(* Let $V$ be a finite-dimensional real vector space of even dimension, $\omega_0$ a non-degenerate alternating two-form on $V$, and $\omega_1$ any alternating two-form on $V$. If the set $\mathcal{J}_\tau(\omega_0,\omega_1)$ of complex structures $J$ on $V$ which are tamed by $\omega_0$ and tamed by $\omega_1$ is non-empty, then it is contractible.
   Context: $J$ is tamed by $\omega_0$ if $\omega_0(v,Jv)>0$ for all $v\ne0$. $J$ is tamed by $\omega_1$ if $\omega_1(v,Jv)\ge 0$ for all $v\in V$, with equality if and only if $v\in\ker\omega_1=\{v:\iota_v\omega_1=0\}$. The set is topologized as a subset of $\mathrm{End}(V)$. *)

theory Defs
  imports "HOL-Analysis.Analysis"
begin

text \<open>V is modelled as real^'n (dimension CARD('n)); End(V) as real^'n^'n with its
  standard (Euclidean) topology; J acts on v by J *v v.\<close>

definition alternating_form :: "(real^'n \<Rightarrow> real^'n \<Rightarrow> real) \<Rightarrow> bool" where
  "alternating_form \<omega> \<longleftrightarrow> bilinear \<omega> \<and> (\<forall>v. \<omega> v v = 0)"

definition form_kernel :: "(real^'n \<Rightarrow> real^'n \<Rightarrow> real) \<Rightarrow> (real^'n) set" where
  "form_kernel \<omega> = {v. \<forall>w. \<omega> v w = 0}"

definition nondegenerate_form :: "(real^'n \<Rightarrow> real^'n \<Rightarrow> real) \<Rightarrow> bool" where
  "nondegenerate_form \<omega> \<longleftrightarrow> form_kernel \<omega> = {0}"

definition complex_structures :: "(real^'n^'n) set" where
  "complex_structures = {J. J ** J = - mat 1}"

definition tamed_strict :: "(real^'n \<Rightarrow> real^'n \<Rightarrow> real) \<Rightarrow> real^'n^'n \<Rightarrow> bool" where
  "tamed_strict \<omega> J \<longleftrightarrow> (\<forall>v. v \<noteq> 0 \<longrightarrow> \<omega> v (J *v v) > 0)"

definition tamed_degenerate :: "(real^'n \<Rightarrow> real^'n \<Rightarrow> real) \<Rightarrow> real^'n^'n \<Rightarrow> bool" where
  "tamed_degenerate \<omega> J \<longleftrightarrow>
     (\<forall>v. \<omega> v (J *v v) \<ge> 0 \<and> (\<omega> v (J *v v) = 0 \<longleftrightarrow> v \<in> form_kernel \<omega>))"

definition J_tau :: "(real^'n \<Rightarrow> real^'n \<Rightarrow> real) \<Rightarrow> (real^'n \<Rightarrow> real^'n \<Rightarrow> real) \<Rightarrow> (real^'n^'n) set" where
  "J_tau \<omega>0 \<omega>1 = {J \<in> complex_structures. tamed_strict \<omega>0 J \<and> tamed_degenerate \<omega>1 J}"

end

theory Submission
  imports Defs
begin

○ ○ ○

Work required: Out of the material above, output word for word the line with "J \<longleftrightarrow> (\<forall>v.", the line with "(\<forall>v. \<omega> v (J", and all lines between them, with nothing else.

Your solution:
  "tamed_strict \<omega> J \<longleftrightarrow> (\<forall>v. v \<noteq> 0 \<longrightarrow> \<omega> v (J *v v) > 0)"

definition tamed_degenerate :: "(real^'n \<Rightarrow> real^'n \<Rightarrow> real) \<Rightarrow> real^'n^'n \<Rightarrow> bool" where
  "tamed_degenerate \<omega> J \<longleftrightarrow>
     (\<forall>v. \<omega> v (J *v v) \<ge> 0 \<and> (\<omega> v (J *v v) = 0 \<longleftrightarrow> v \<in> form_kernel \<omega>))"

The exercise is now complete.